It is a ranking statistic. It asks only "are the cells with aftershocks ranked above the cells without?" It says nothing about whether the published numbers are right.

Why that is fatal for a forecast. A probabilistic forecast publishes rates and probabilities — "5% chance of an event in this cell tomorrow." AUC has two properties that make it blind to exactly what matters:

Invariance to any monotone rescaling of the scores. If you take a perfectly ranked forecast and multiply every probability by ten (or pass it through any increasing function), the AUC is unchanged — yet the forecast is now grossly miscalibrated. AUC therefore cannot detect miscalibration of the rates a forecast publishes. A model can have AUC 0.85 and still claim "50%" for cells that fire 5% of the time.
Degeneration into a region classifier on rare, gridded tasks.
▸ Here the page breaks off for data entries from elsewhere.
lemma nn_integral_add_centered_samples:
  fixes W :: "('i \<Rightarrow> 's) \<Rightarrow> 'a::euclidean_space" and \<phi> :: "'i \<Rightarrow> ('i \<Rightarrow> 's) \<Rightarrow> 's \<Rightarrow> 'a"
  assumes J: "finite J" "J \<subseteq> K" and Ks: "finite Ks" "Ks \<subseteq> K" "Ks \<inter> J = {}"
    and W: "depends_only_on J W" "\<And>J'. J \<subseteq> J' \<Longrightarrow> W \<in> borel_measurable (PiM J' P)"
    and \<phi>: "\<And>k. k \<in> Ks \<Longrightarrow> depends_only_on J (\<phi> k)"
      "\<And>k J'. k \<in> Ks \<Longrightarrow> J \<subseteq> J' \<Longrightarrow> (\<lambda>p. \<phi> k (fst p) (snd p)) \<in> borel_measurable (PiM J' P \<Otimes>\<^sub>M P k)"
    and int: "\<And>k S. k \<in> Ks \<Longrightarrow> integrable (P k) (\<phi> k S)"
    and mean: "\<And>k S. k \<in> Ks \<Longrightarrow> (\<integral>s. \<phi> k S s \<partial>P k) = 0"
    and bound: "\<And>k S. k \<in> Ks \<Longrightarrow> (\<integral>\<^sup>+s. ennreal ((norm (\<phi> k S s))\<^sup>2) \<partial>P k) \<le> ennreal C"
    and C: "0 \<le> C"
  shows "(\<integral>\<^sup>+\<omega>. ennreal ((norm (W (\<lambda>i. \<xi> i \<omega>) + (\<Sum>k\<in>Ks. \<phi> k (\<lambda>i. \<xi> i \<omega>) (\<xi> k \<omega>))))\<^sup>2) \<partial>M)
         \<le> (\<integral>\<^sup>+\<omega>. ennreal ((norm (W (\<lambda>i. \<xi> i \<omega>)))\<^sup>2) \<partial>M) + ennreal (real (card Ks) * C)"
  using Ks(1) order_refl[of Ks]
proof (induction Ks rule: finite_subset_induct')
  case (insert a F)
  define W' where "W' S = W S + (\<Sum>k\<in>F. \<phi> k S (S k))" for S
  have J': "finite (J \<union> F)" "J \<union> F \<subseteq> K" and a: "a \<in> K" "a \<notin> J \<union> F"
    using insert J Ks by auto
  have "depends_only_on (J \<union> F) W'"
  proof (rule depends_only_onI)
    fix S S' :: "'i \<Rightarrow> 's" assume S: "\<And>i. i \<in> J \<union> F \<Longrightarrow> S i = S' i"
    have "\<phi> k S = \<phi> k S'" if "k \<in> F" for k
      using that insert.hyps S by (intro depends_only_onD[OF \<phi>(1)]) auto
    then show "W' S = W' S'"
      unfolding W'_def using S depends_only_onD[OF W(1), of S S'] by (auto intro!: sum.cong)
  qed
  moreover have "W' \<in> borel_measurable (PiM (J \<union> F) P)"
  proof -
    have "(\<lambda>S. \<phi> k S (S k)) \<in> borel_measurable (PiM (J \<union> F) P)" if "k \<in> F" for k
    proof -
      have "(\<lambda>S. (S, S k)) \<in> measurable (PiM (J \<union> F) P) (PiM (J \<union> F) P \<Otimes>\<^sub>M P k)"
        using that by (intro measurable_Pair measurable_ident_sets measurable_component_singleton) auto
      from measurable_compose[OF this \<phi>(2)] show ?thesis using that insert.hyps by auto
    qed
    then show ?thesis unfolding W'_def[abs_def] using W(2) by measurable
  qed
  ultimately have "(\<integral>\<^sup>+\<omega>. ennreal ((norm (W' (\<lambda>i. \<xi> i \<omega>) + \<phi> a (\<lambda>i. \<xi> i \<omega>) (\<xi> a \<omega>)))\<^sup>2) \<partial>M)
      \<le> (\<integral>\<^sup>+\<omega>. ennreal ((norm (W' (\<lambda>i. \<xi> i \<omega>)))\<^sup>2) \<partial>M) + ennreal C"
    using insert.hyps
    by (intro nn_integral_add_centered_sample[OF J' a] depends_only_on_mono[OF \<phi>(1)] \<phi>(2) int mean bound) auto
  also have "\<dots> \<le> (\<integral>\<^sup>+\<omega>. ennreal ((norm (W (\<lambda>i. \<xi> i \<omega>)))\<^sup>2) \<partial>M) + ennreal (real (card F) * C) + ennreal C"
    using insert.IH unfolding W'_def by (intro add_right_mono) auto
  also have "\<dots> = (\<integral>\<^sup>+\<omega>. ennreal ((norm (W (\<lambda>i. \<xi> i \<omega>)))\<^sup>2) \<partial>M) + ennreal (real (card (insert a F)) * C)"
    using insert C by (simp add: add.assoc algebra_simps flip: ennreal_plus)
  finally show ?case
    using insert.hyps by (simp add: W'_def add.commute add.left_commute)
qed simp

end

lemma borel_measurable_vsign [measurable]:
  assumes "F \<in> borel_measurable N"
  shows "(\<lambda>\<omega>. vsign (F \<omega>)) \<in> borel_measurable N"
proof -
  have "(\<lambda>\<omega>. vsign (F \<omega>) \<bullet> b) \<in> borel_measurable N" if "b \<in> Basis" for b
  proof -
    from that obtain i where b: "b = axis i (1::real)" unfolding Basis_vec_def by auto
    have "(\<lambda>\<omega>. sgn (F \<omega> \<bullet> b)) \<in> borel_measurable N" using assms by measurable
    then show ?thesis by (simp add: b inner_axis vsign_def)
  qed
  then show ?thesis by (subst borel_measurable_euclidean_space) auto
qed

lemma lion_x_Suc_0: "lion_x n B0 \<beta>1 \<beta>2 \<eta> wd x1 g S (Suc 0) = x1"
  by (simp add: lion_x_def)

lemma lion_m_Suc_0:
  "lion_m n B0 \<beta>1 \<beta>2 \<eta> wd x1 g S (Suc 0) j = (1 / real B0) *\<^sub>R (\<Sum>i<B0. g j x1 (S (1, j, i)))"
  by (simp add: lion_m_def)

lemma lion_v_Suc_0:
  "lion_v n B0 \<beta>1 \<beta>2 \<eta> wd x1 g S (Suc 0) j = (1 / real B0) *\<^sub>R (\<Sum>i<B0. g j x1 (S (1, j, i)))"
  by (simp add: lion_v_def)

lemma lion_x_Suc_Suc:
  "lion_x n B0 \<beta>1 \<beta>2 \<eta> wd x1 g S (Suc (Suc k)) =
     lion_x n B0 \<beta>1 \<beta>2 \<eta> wd x1 g S (Suc k)
     - \<eta> *\<^sub>R (vsign (\<Sum>j<n. lion_v n B0 \<beta>1 \<beta>2 \<eta> wd x1 g S (Suc k) j)
              + wd *\<^sub>R lion_x n B0 \<beta>1 \<beta>2 \<eta> wd x1 g S (Suc k))"
  by (simp add: lion_x_def lion_v_def split: prod.split)

lemma lion_m_Suc_Suc:
  "lion_m n B0 \<beta>1 \<beta>2 \<eta> wd x1 g S (Suc (Suc k)) j =
     (1 - \<beta>2) *\<^sub>R lion_m n B0 \<beta>1 \<beta>2 \<eta> wd x1 g S (Suc k) j
     + \<beta>2 *\<^sub>R g j (lion_x n B0 \<beta>1 \<beta>2 \<eta> wd x1 g S (Suc (Suc k))) (S (Suc (Suc k), j, 0))
     + (1 - \<beta>2) *\<^sub>R (g j (lion_x n B0 \<beta>1 \<beta>2 \<eta> wd x1 g S (Suc (Suc k))) (S (Suc (Suc k), j, 0))
                     - g j (lion_x n B0 \<beta>1 \<beta>2 \<eta> wd x1 g S (Suc k)) (S (Suc (Suc k), j, 0)))"
  by (simp add: lion_x_def lion_v_def lion_m_def Let_def split: prod.split)

lemma lion_v_Suc_Suc:
  "lion_v n B0 \<beta>1 \<beta>2 \<eta> wd x1 g S (Suc (Suc k)) j =
     (1 - \<beta>1) *\<^sub>R lion_m n B0 \<beta>1 \<beta>2 \<eta> wd x1 g S (Suc k) j
     + \<beta>1 *\<^sub>R g j (lion_x n B0 \<beta>1 \<beta>2 \<eta> wd x1 g S (Suc (Suc k))) (S (Suc (Suc k), j, 0))
     + (1 - \<beta>1) *\<^sub>R (g j (lion_x n B0 \<beta>1 \<beta>2 \<eta> wd x1 g S (Suc (Suc k))) (S (Suc (Suc k), j, 0))
                     - g j (lion_x n B0 \<beta>1 \<beta>2 \<eta> wd x1 g S (Suc k)) (S (Suc (Suc k), j, 0)))"
  by (simp add: lion_x_def lion_v_def lion_m_def Let_def split: prod.split)

lemma lion_x_coord_bound:
  assumes eta: "0 < \<eta>" and wd: "0 \<le> wd" "\<eta> * wd \<le> 1" and x1: "\<And>i. \<bar>x1 $ i\<bar> \<le> \<eta>"
  shows "\<bar>lion_x n B0 \<beta>1 \<beta>2 \<eta> wd x1 g S (Suc k) $ i\<bar> \<le> real (Suc k) * \<eta>"
proof (induction k)
  case 0
  then show ?case using x1 by (simp add: lion_x_Suc_0)
next
  case (Suc k)
  let ?x = "lion_x n B0 \<beta>1 \<beta>2 \<eta> wd x1 g S (Suc k) $ i"
    and ?s = "sgn ((\<Sum>j<n. lion_v n B0 \<beta>1 \<beta>2 \<eta> wd x1 g S (Suc k) j) $ i)"
  have "lion_x n B0 \<beta>1 \<beta>2 \<eta> wd x1 g S (Suc (Suc k)) $ i = (1 - \<eta> * wd) * ?x - \<eta> * ?s"
    by (simp add: lion_x_Suc_Suc vsign_def algebra_simps)
  also have "\<bar>\<dots>\<bar> \<le> (1 - \<eta> * wd) * \<bar>?x\<bar> + \<eta> * \<bar>?s\<bar>"
    using abs_triangle_ineq4[of "(1 - \<eta> * wd) * ?x" "\<eta> * ?s"] eta wd by (simp add: abs_mult)
  also have "\<dots> \<le> \<bar>?x\<bar> + \<eta>"
    using eta wd by (intro add_mono mult_left_le_one_le mult_right_le_one_le) (auto simp: abs_sgn_eq)
  also have "\<dots> \<le> real (Suc (Suc k)) * \<eta>"
    using Suc.IH by (simp add: algebra_simps)
  finally show ?case .
qed

lemma lion_x_step_norm_le:
  fixes x1 :: "real^'d"
  assumes eta: "0 < \<eta>" and wd: "0 \<le> wd" "\<eta> * wd * real (Suc k) \<le> 1"
    and x1: "\<And>i. \<bar>x1 $ i\<bar> \<le> \<eta>"
  shows "(norm (lion_x n B0 \<beta>1 \<beta>2 \<eta> wd x1 g S (Suc (Suc k)) - lion_x n B0 \<beta>1 \<beta>2 \<eta> wd x1 g S (Suc k)))\<^sup>2
         \<le> 4 * \<eta>\<^sup>2 * real CARD('d)"
proof -
  define z where
    "z = lion_x n B0 \<beta>1 \<beta>2 \<eta> wd x1 g S (Suc (Suc k)) - lion_x n B0 \<beta>1 \<beta>2 \<eta> wd x1 g S (Suc k)"
  have "\<eta> * wd * 1 \<le> \<eta> * wd * real (Suc k)"
    using wd eta by (intro mult_left_mono) auto
  with wd have "\<eta> * wd \<le> 1" by linarith
  have z_coord: "\<bar>z $ i\<bar> \<le> 2 * \<eta>" for i
  proof -
    let ?x = "lion_x n B0 \<beta>1 \<beta>2 \<eta> wd x1 g S (Suc k) $ i"
      and ?s = "sgn ((\<Sum>j<n. lion_v n B0 \<beta>1 \<beta>2 \<eta> wd x1 g S (Suc k) j) $ i)"
    have "\<bar>wd * ?x\<bar> \<le> wd * (real (Suc k) * \<eta>)"
      unfolding abs_mult abs_of_nonneg[OF wd(1)]
      using lion_x_coord_bound[OF eta wd(1) \<open>\<eta> * wd \<le> 1\<close> x1] wd by (intro mult_left_mono)
    also have "\<dots> \<le> 1" using wd by (simp add: algebra_simps)
    finally have "\<bar>wd * ?x\<bar> \<le> 1" .
    moreover have "\<bar>?s\<bar> \<le> 1" by (simp add: abs_sgn_eq)
    ultimately have "\<bar>?s + wd * ?x\<bar> \<le> 2" using abs_triangle_ineq[of ?s "wd * ?x"] by linarith
    moreover have "z $ i = - \<eta> * (?s + wd * ?x)"
      by (simp add: z_def lion_x_Suc_Suc vsign_def algebra_simps)
    ultimately show ?thesis using eta by (simp add: abs_mult)
  qed
  have "(norm z)\<^sup>2 = (\<Sum>i\<in>UNIV. (z $ i)\<^sup>2)"
    by (simp only: power2_norm_eq_inner) (simp add: inner_vec_def power2_eq_square)
  also have "\<dots> \<le> (\<Sum>i\<in>(UNIV::'d set). (2 * \<eta>)\<^sup>2)"
    by (intro sum_mono) (metis power2_abs power_mono[OF z_coord abs_ge_zero])
  finally show ?thesis by (simp add: z_def power_mult_distrib mult.commute)
qed
lemma path_cost_hedge:
  assumes hlc: "hlc_instance r V prt E vert L C proj" and P: "st_path V L P"
    and \<sigma>: "\<forall>u\<in>V. (u, \<sigma> u) \<in> P" and h: "h \<in> E"
  shows "path_cost r prt vert proj vs P h = (\<Sum>j<r. vs j (hedge_colour proj vert \<sigma> h j))"
proof -
  let ?e = "\<lambda>j. (vert h j, \<sigma> (vert h j))"
  have vert: "vert h j \<in> V" "prt (vert h j) = j" if "j < r" for j
    using hlc h that by (auto simp: hlc_instance_def)
  have inj: "inj_on ?e {..<r}"
    using vert(2) by (intro inj_onI) (metis Pair_inject lessThan_iff)
  have "finite P"
    using P hlc unfolding st_path_def hlc_instance_def by (meson finite_SigmaI finite_subset)
  then have "path_cost r prt vert proj vs P h =
      (\<Sum>e\<in>{e\<in>P. in_hedge r vert (fst e) h}. vs (prt (fst e)) (proj h (fst e) (snd e)))"
    by (simp add: path_cost_def edge_cost_def sum.inter_filter)
  also have "{e\<in>P. in_hedge r vert (fst e) h} = ?e ` {..<r}"
  proof (intro set_eqI iffI)
    fix e assume "e \<in> {e\<in>P. in_hedge r vert (fst e) h}"
    then obtain j where j: "j < r" "fst e = vert h j" and e: "e \<in> P"
      by (auto simp: in_hedge_def)
    have "(vert h j, snd e) \<in> P"
      using e j(2) by (metis prod.collapse)
    then have "snd e = \<sigma> (vert h j)"
      using st_path_unique[OF P] \<sigma> vert(1)[OF j(1)] by blast
    then have "e = ?e j"
      using j(2) by (simp add: prod_eq_iff)
    then show "e \<in> ?e ` {..<r}" using j by blast
  next
    fix e assume "e \<in> ?e ` {..<r}"
    then show "e \<in> {e\<in>P. in_hedge r vert (fst e) h}"
      using \<sigma> vert by (auto simp: in_hedge_def)
  qed
  also have "(\<Sum>e\<in>?e ` {..<r}. vs (prt (fst e)) (proj h (fst e) (snd e))) =
      (\<Sum>j<r. vs j (hedge_colour proj vert \<sigma> h j))"
    using inj by (simp add: sum.reindex vert hedge_colour_def)
  finally show ?thesis .
qed
(* Let $R$ be a nontrivial finite commutative ring, $\Sigma$ an alphabet, and $r\in R\langle\langle\Sigma^*\rangle\rangle$ a series that is rational over $R$. Then $r\in\mathrm{Rev}(R,\Sigma)$ if and only if $\mathrm{supp}(r+x\cdot\underline{\Sigma^*})\in\mathrm{RevL}(R,\Sigma)$ for all $x\in R$, where $x\cdot\underline{\Sigma^*}$ denotes the series with coefficient $x$ at every word of $\Sigma^*$.
   Context: A ring is a semiring $(R,+,\cdot,0,1)$ whose additive monoid is an abelian group; nontrivial means $0\neq1$. For a semiring $S$ and finite nonempty alphabet $\Sigma$, a series is a map $r\colon\Sigma^*\to S$ with value $(r,w)$; the set of series is $S\langle\langle\Sigma^*\rangle\rangle$ with pointwise addition; the support is $\mathrm{supp}(r)=\{w\mid(r,w)\neq0\}$. A weighted automaton over $S$ and $\Sigma$ is $\mathcal{A}=(Q,\sigma,\iota,\tau)$ with $Q$ finite, $\sigma\colon Q\times\Sigma\times Q\to S$, $\iota,\tau\colon Q\to S$; a run on $w=a_1\cdots a_t$ is $q_0a_1q_1\cdots a_tq_t$ with all $\sigma(q_{k-1},a_k,q_k)\neq0$, of weight $\iota(q_0)\sigma(q_0,a_1,q_1)\cdots\sigma(q_{t-1},a_t,q_t)\tau(q_t)$, and $(\|\mathcal{A}\|,w)$ is the sum of weights of all runs on $w$. A series is rational over $S$ if it equals $\|\mathcal{A}\|$ for some weighted automaton $\mathcal{A}$ over $S$. $\mathcal{A}$ is reversible if for all $p,p',q,q'\in Q$, $a\in\Sigma$: $\sigma(p,a,q)\neq0\neq\sigma(p,a,q')$ implies $q=q'$, and $\sigma(p,a,q)\neq0\neq\sigma(p',a,q)$ implies $p=p'$. $\mathrm{Rev}(S,\Sigma)$ is the set of series realised by reversible weighted automata over $S$ and $\Sigma$, and $\mathrm{RevL}(S,\Sigma)=\{\mathrm{supp}(r)\mid r\in\mathrm{Rev}(S,\Sigma)\}$. *)

theory Defs
  imports Main
begin

text \<open>Weighted automata over a semiring 'r and a finite alphabet given by the
finite type 'a (so the alphabet is UNIV :: 'a set and words are 'a list).\<close>

record ('a, 'r) wa =
  states :: "nat set"
  trans  :: "nat \<Rightarrow> 'a \<Rightarrow> nat \<Rightarrow> 'r"
  init   :: "nat \<Rightarrow> 'r"
  fin    :: "nat \<Rightarrow> 'r"

definition wf_wa :: "('a, 'r::zero) wa \<Rightarrow> bool" where
  "wf_wa A \<longleftrightarrow> finite (states A)"

definition runs :: "('a, 'r::zero) wa \<Rightarrow> 'a list \<Rightarrow> nat list set" where
  "runs A w = {qs. length qs = Suc (length w) \<and> set qs \<subseteq> states A \<and>
      (\<forall>k < length w. trans A (qs ! k) (w ! k) (qs ! Suc k) \<noteq> 0)}"

definition run_weight :: "('a, 'r::semiring_1) wa \<Rightarrow> 'a list \<Rightarrow> nat list \<Rightarrow> 'r" where
  "run_weight A w qs =
     init A (qs ! 0) * prod_list (map (\<lambda>k. trans A (qs ! k) (w ! k) (qs ! Suc k)) [0..<length w])
       * fin A (qs ! length w)"

definition behaviour :: "('a, 'r::semiring_1) wa \<Rightarrow> 'a list \<Rightarrow> 'r" where
  "behaviour A w = (\<Sum>qs\<in>runs A w. run_weight A w qs)"

definition rational :: "('a list \<Rightarrow> 'r::semiring_1) \<Rightarrow> bool" where
  "rational r \<longleftrightarrow> (\<exists>A. wf_wa A \<and> behaviour A = r)"

definition reversible :: "('a, 'r::zero) wa \<Rightarrow> bool" where
  "reversible A \<longleftrightarrow>
     (\<forall>p\<in>states A. \<forall>p'\<in>states A. \<forall>q\<in>states A. \<forall>q'\<in>states A. \<forall>a.
        (trans A p a q \<noteq> 0 \<and> trans A p a q' \<noteq> 0 \<longrightarrow> q = q') \<and>
        (trans A p a q \<noteq> 0 \<and> trans A p' a q \<noteq> 0 \<longrightarrow> p = p'))"

definition Rev :: "('a list \<Rightarrow> 'r::semiring_1) set" where
  "Rev = {r. \<exists>A. wf_wa A \<and> reversible A \<and> behaviour A = r}"

definition supp :: "('a list \<Rightarrow> 'r::zero) \<Rightarrow> 'a list set" where
  "supp r = {w. r w \<noteq> 0}"

text \<open>RevL TYPE('r): supports of reversibly realisable series over semiring 'r.\<close>
definition RevL :: "'r::semiring_1 itself \<Rightarrow> ('a list set) set" where
  "RevL _ = {L. \<exists>r :: 'a list \<Rightarrow> 'r. r \<in> Rev \<and> L = supp r}"

end

theory Submission
  imports Defs "HOL-Library.FuncSet"
begin

text \<open>Series in Rev are closed under sums (disjoint union of automata) and contain the
constants, which gives the forward direction. Conversely, if s y is reversible with the support
of r - y, then r w is the unique y with s y w = 0, so r is a finite sum of the series
w \<mapsto> (if s y w = 0 then y else 0); it therefore suffices that f \<circ> s is reversible for every
reversible s and every f : R \<rightarrow> R.

A reversible automaton has at most one run from each state on each word, so its behaviour is a
finite sum, over initial states p, of single path weights. Since R is finite, every z has an
idempotent power z^k, and these idempotents generate a finite Boolean algebra of orthogonal
atoms summing to 1. On the component of an atom, each z acts either invertibly or nilpotently,
so the path weight times the atom can be computed by an injective partial automaton with finitely
many states (a thread), which dies when the weight becomes zero. A function of a sum of such
threads is then obtained by inclusion-exclusion over the sets of surviving threads, each
computed by a product of threads that is again injective.\<close>

section \<open>Path weights from a state\<close>

lemma prod_list_zeroI: "(0::'a::{monoid_mult, mult_zero}) \<in> set xs \<Longrightarrow> prod_list xs = 0"
  by (induction xs) auto

fun weight_from :: "('a, 'r::semiring_1) wa \<Rightarrow> nat \<Rightarrow> 'a list \<Rightarrow> 'r" where
  "weight_from A p [] = fin A p"
| "weight_from A p (a # w) = (\<Sum>q\<in>states A. trans A p a q * weight_from A q w)"

definition state_seqs :: "nat set \<Rightarrow> nat \<Rightarrow> nat list set" where
  "state_seqs Q n = {qs. length qs = Suc n \<and> set qs \<subseteq> Q}"

definition path_weight :: "('a, 'r::semiring_1) wa \<Rightarrow> 'a list \<Rightarrow> nat list \<Rightarrow> 'r" where
  "path_weight A w qs =
     prod_list (map (\<lambda>k. trans A (qs ! k) (w ! k) (qs ! Suc k)) [0..<length w]) * fin A (qs ! length w)"

lemma path_weight_Cons:
  assumes "qs \<noteq> []"
  shows "path_weight A (a # w) (p # qs) = trans A p a (hd qs) * path_weight A w qs"
proof -
  have "[0..<length (a # w)] = 0 # map Suc [0..<length w]"
    by (simp only: length_Cons map_Suc_upt upt_conv_Cons[OF zero_less_Suc])
  then show ?thesis
    using assms by (simp add: path_weight_def o_def hd_conv_nth mult.assoc)
qed
lemma convex_transport_polytope: "convex (transport_polytope a b)"
proof (rule convexI)
  fix x y and u v :: real assume xy: "x \<in> transport_polytope a b" "y \<in> transport_polytope a b"
    and uv: "0 \<le> u" "0 \<le> v" "u + v = 1"
  have "(\<Sum>j\<in>UNIV. (u *\<^sub>R x + v *\<^sub>R y) $ i $ j) = u * a $ i + v * a $ i" for i
    using xy by (simp add: transport_polytope_def sum.distrib sum_distrib_left[symmetric])
  moreover have "(\<Sum>i\<in>UNIV. (u *\<^sub>R x + v *\<^sub>R y) $ i $ j) = u * b $ j + v * b $ j" for j
    using xy by (simp add: transport_polytope_def sum.distrib sum_distrib_left[symmetric])
  moreover have "u * r + v * r = r" for r :: real by (metis uv(3) distrib_right mult_1)
  ultimately show "u *\<^sub>R x + v *\<^sub>R y \<in> transport_polytope a b"
    using xy uv by (simp add: transport_polytope_def)
qed

lemma compact_transport_polytope: "compact (transport_polytope a b)"
proof -
  have "closed (transport_polytope a b)" unfolding transport_polytope_def
    by (intro closed_Collect_conj closed_Collect_all closed_Collect_le closed_Collect_eq
        continuous_intros)
  moreover have "norm \<pi> \<le> (\<Sum>i\<in>UNIV. a $ i)" if "\<pi> \<in> transport_polytope a b" for \<pi>
    using norm_le_norm1[of \<pi>] transport_polytope_total_mass[OF that]
      transport_polytope_nonneg[OF that] by (simp add: norm1_def)
  then have "bounded (transport_polytope a b)" unfolding bounded_iff by blast
  ultimately show ?thesis by (simp add: compact_eq_bounded_closed)
qed

lemma continuous_on_entropic_objective:
  fixes c :: "real^'m^'n"
  shows "continuous_on (transport_polytope a b) (\<lambda>\<pi>. inner c \<pi> + lam * entropy \<pi>)"
proof -
  have "continuous_on (transport_polytope a b) (\<lambda>\<pi>::real^'m^'n. \<pi> $ i $ j)" for i j
    by (intro continuous_intros)
  then have "continuous_on (transport_polytope a b) (\<lambda>\<pi>. entropy_term (\<pi> $ i $ j))" for i j
    by (rule continuous_on_compose2[OF continuous_on_entropy_term])
      (auto simp: transport_polytope_nonneg)
  then show ?thesis unfolding entropy_eq_sum_entropy_term by (intro continuous_intros)
qed

definition product_coupling :: "real^'n \<Rightarrow> real^'m \<Rightarrow> real^'m^'n" where
  "product_coupling a b = (\<chi> i j. a $ i * b $ j)"

lemma product_coupling_pos:
  "a \<in> pos_simplex \<Longrightarrow> b \<in> pos_simplex \<Longrightarrow> 0 < product_coupling a b $ i $ j"
  by (simp add: product_coupling_def pos_simplex_def)

lemma product_coupling_mem:
  assumes "a \<in> pos_simplex" "b \<in> pos_simplex"
  shows "product_coupling a b \<in> transport_polytope a b"
  using assms product_coupling_pos[OF assms]
  by (simp add: transport_polytope_def pos_simplex_def product_coupling_def less_imp_le
      sum_distrib_left[symmetric] sum_distrib_right[symmetric])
When positives are rare and spatially clustered (aftershocks near a fault), a high AUC is largely achieved by learning which broad region is seismically active — it measures between-region rate differences, not skill at the forecasting margin that decides a daily probability. You can score well by knowing "near the fault > far from the fault" while being useless at the actual decision.

The right metrics instead. Forecasting demands proper scoring rules (logarithmic score, Brier score, CRPS) and the CSEP consistency and comparison tests (N/M/S/CL tests, Information-Gain-Per- Earthquake against real baselines), all computed on the generative forecast that retains the point-process survival term. A proper scoring rule is one that is optimized in expectation only by reporting the true probabilities — which is precisely the property AUC lacks. See Evaluation for the full battery.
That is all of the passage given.